Of the 20 patients, 5 were males and 15 were females. The patients ranged in age from 14~28 years, with a mean of 23.85±3.50 years. The age of onset ranged from 13~27 years, with a mean of 21.05±3.47 years. Five adolescents and 15 patients in their 20s were diagnosed with PMH. The distribution of the lesions was variable. Most of the lesions were detected on the back (18 cases) or abdomen (17 cases), although some patients displayed lesions on their buttocks (6 cases) or upper chest (1 case). Two patients complained of pruritus, but the majority of the patients were asymptomatic. The interval of time between the patient's awareness of pigment change to the hospital evaluation was <5 years for 17 patients and 6~10 years for 3 patients (overall average, 2.79±2.67 years). All of the lesions were symmetrically localized and illdefined. All of the patients exhibited nummular and non-scaly, round-to-oval, confluent, hypopigmented macules (Fig. 1, ,2A).2A). The KOH mounts of skin scrapings were negative in all cases. The Wood's lamp examinations revealed some contrast between the hypopigmented lesions and the adjacent normal skin. One patient had a left posterior cerebral artery infarction; however, none of the other patients had any accompanying family history (Table 1).

Fig. 1
Case 13. Non-scaly, confluent, hypopigmented macules on the lower back and buttocks.
Fig. 2
Case 12. (A) Ill-defined confluent, non-scaly hypopigmented patch with scattered macules are noted on the back. (B) Hypopigmented lesions were successfully treated after nine sessions of narrowband ultraviolet B phototherapy.
Table 1
Epidemiologic and clinical characteristics of 20 patients with PMH

Histopathologic characteristics

Staining with hematoxylin and eosin showed that the deposition of melanin in the hypopigmented lesions was significantly lower than in the adjacent normal skin. There was no sign of perivascular or perifollicular inflammatory infiltration (Fig. 3). The number of S-100-positive melanocytes did not differ significantly between the hypopigmented macules and the normal perilesional skin, as observed in 3 visual fields at a magnification of ×400 (p>0.05; Table 2, Fig. 4).

Fig. 3
Case 17. The biopsy obtained from the hypopigmented lesion (A) shows less melanin granules in the basal layer than normal skin (B) (H&E, ×100).
Fig. 4
Case 13. There was no difference in the number of S-100 protein-positive cells between the hypopigmented macule (A) and perilesional normal-appearing skin (B) (S-100 protein, ×400).
Table 2
Number of melanocytes in the epidermal basal layer in hypopigmeted macules and in perilesional normal skin

Treatment

Of the 20 patients, 7 received topical drug therapy, 6 were treated with NBUVB phototherapy, 4 received oral minocycline, and 3 did not receive any treatment. All 6 patients who received NBUVB therapy presented with repigmentation (Fig. 2B). After 3~13 months, no depigmentation recurred. NBUVB treatment was administered a mean of 12.33±3.56 times at a mean light dose of 10.75±3.06 J/cm2.

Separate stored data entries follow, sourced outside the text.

(* Let $\Gamma\subset\operatorname{SU}(2)$ be the binary tetrahedral, binary octahedral, or binary icosahedral group, let $\mathsf 2=\mathbb C^2|_\Gamma$ be its standard representation and $\mathsf 3=\operatorname{S}^2(\mathbb C^2)|_\Gamma$. For an irreducible complex representation $\mathsf i$ of $\Gamma$ and a representation $\mathsf j$ put $P_{\mathsf i,\mathsf j}(t)=\sum_{n\ge0}\dim\operatorname{Hom}_\Gamma\bigl(\mathsf i,\operatorname{S}^n(\mathsf j)\bigr)t^n$. Then $$P_{\mathsf i,\mathsf 3}(t)=\begin{cases}\dfrac{P_{\mathsf i,\mathsf 2}(t^{1/2})}{1-t^2}&\text{if }\mathsf i\text{ is not spinorial},\\[2mm] 0&\text{if }\mathsf i\text{ is spinorial.}\end{cases}$$
   Context: An irreducible representation $\mathsf i$ of $\Gamma$ is called spinorial if the nontrivial central element $-I\in\Gamma$ acts on it by $-1$. For non-spinorial $\mathsf i$, $P_{\mathsf i,\mathsf 2}(t)$ involves only even powers of $t$, so $P_{\mathsf i,\mathsf 2}(t^{1/2})$ is a power series in $t$. *)

theory Defs
  imports "HOL-Analysis.Analysis" "HOL-Combinatorics.Permutations"
          "HOL-Computational_Algebra.Formal_Power_Series" "HOL-Library.Function_Algebras"
begin

text \<open>The quaternion q0 + q1 i + q2 j + q3 k is realised as the SU(2) matrix
  [[q0 + q1 i, q2 + q3 i], [-q2 + q3 i, q0 - q1 i]] (an injective ring homomorphism).\<close>
definition quat_mat :: "(nat \<Rightarrow> real) \<Rightarrow> complex^2^2" where
  "quat_mat q = (\<chi> r s.
     if r = 1 \<and> s = 1 then Complex (q 0) (q 1)
     else if r = 1 \<and> s = 2 then Complex (q 2) (q 3)
     else if r = 2 \<and> s = 1 then Complex (- q 2) (q 3)
     else Complex (q 0) (- q 1))"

Of the four patients who received oral minocycline, only one had a clinically favorable response; the mean duration until repigmentation was 1 year. In the topical drug therapy group, 4 patients received corticosteroids, 2 were treated with tretinoin, and 1 was treated with pimecrolimus. In the topical drug therapy group, only 1 patient who had used 1% hydrocortisone lotion was clinically cleared; the time-to-repigmentation was 3.33 years. One of the patients who received no treatment showed clinical improvement, with a time-to-repigmentation of 8.33 years (Table 3).

Table 3
Treatment modality, repigmentation rate and mean duration until repigmentation

DISCUSSION

Guillet et al.1 reported hypopigmented macules on the trunk in patients of mixed ethnic origin (black/white) in 19851. Guillet et al.1 later coined the term PMH of the trunk in 1988. PMH is an idiopathic skin disorder characterized by hypopigmented macules predominantly located on the trunk without scales or a history of skin problems. PMH is more common in tropical and subtropical regions than in other geographic areas. In Korea, there have been only three published case reports of PMH, and there have been no studies pertaining to the prevalence of PMH5,6. In the present study, we excluded all patients who declined a skin biopsy, even if they showed typical symptoms of PMH. Although we do not know the exact prevalence of PMH, it is likely that PMH is not a rare disease in Korea. Moreover, PMH may be more common in young women. The proportion of males-tofemales in this study was 1:3, and the mean age of onset was 21.05±3.47 years, which is compatible with the predominance of PMH in young female patients. However, women are known to access the healthcare system more than men, especially their cosmetic problems, therefore, the frequency measurements in men and women may have some limitations.

Clinically, PMH is characterized by ill-defined, non-scaly, round-to-oval, asymptomatic, and symmetric hypopigmented macules. Indeed, the lesions may become confluent, forming large hypopigmented macules after an increase in their number1. The patients in our study presented with the clinical characteristics described by Guillet et al.1. The histopathologic findings in PMH are usually non-specific, but one common feature is that the melanin content in the lesions is lower than that in normal skin7. The ultrastructural findings in PMH include decreased epidermal levels of melanin and fewer melanized melanosomes in the lesional skin8. Choi and Hann5 reported a mild perivascular inflammatory cell infiltration and dermal melanophages, and Westerhof et al.9 reported gram-positive bacteria in pilosebaceous units. The number of melanin granules in the skin lesions of our patients appeared to be lower than in the adjacent normal skin, but no other findings were observed (Fig. 3).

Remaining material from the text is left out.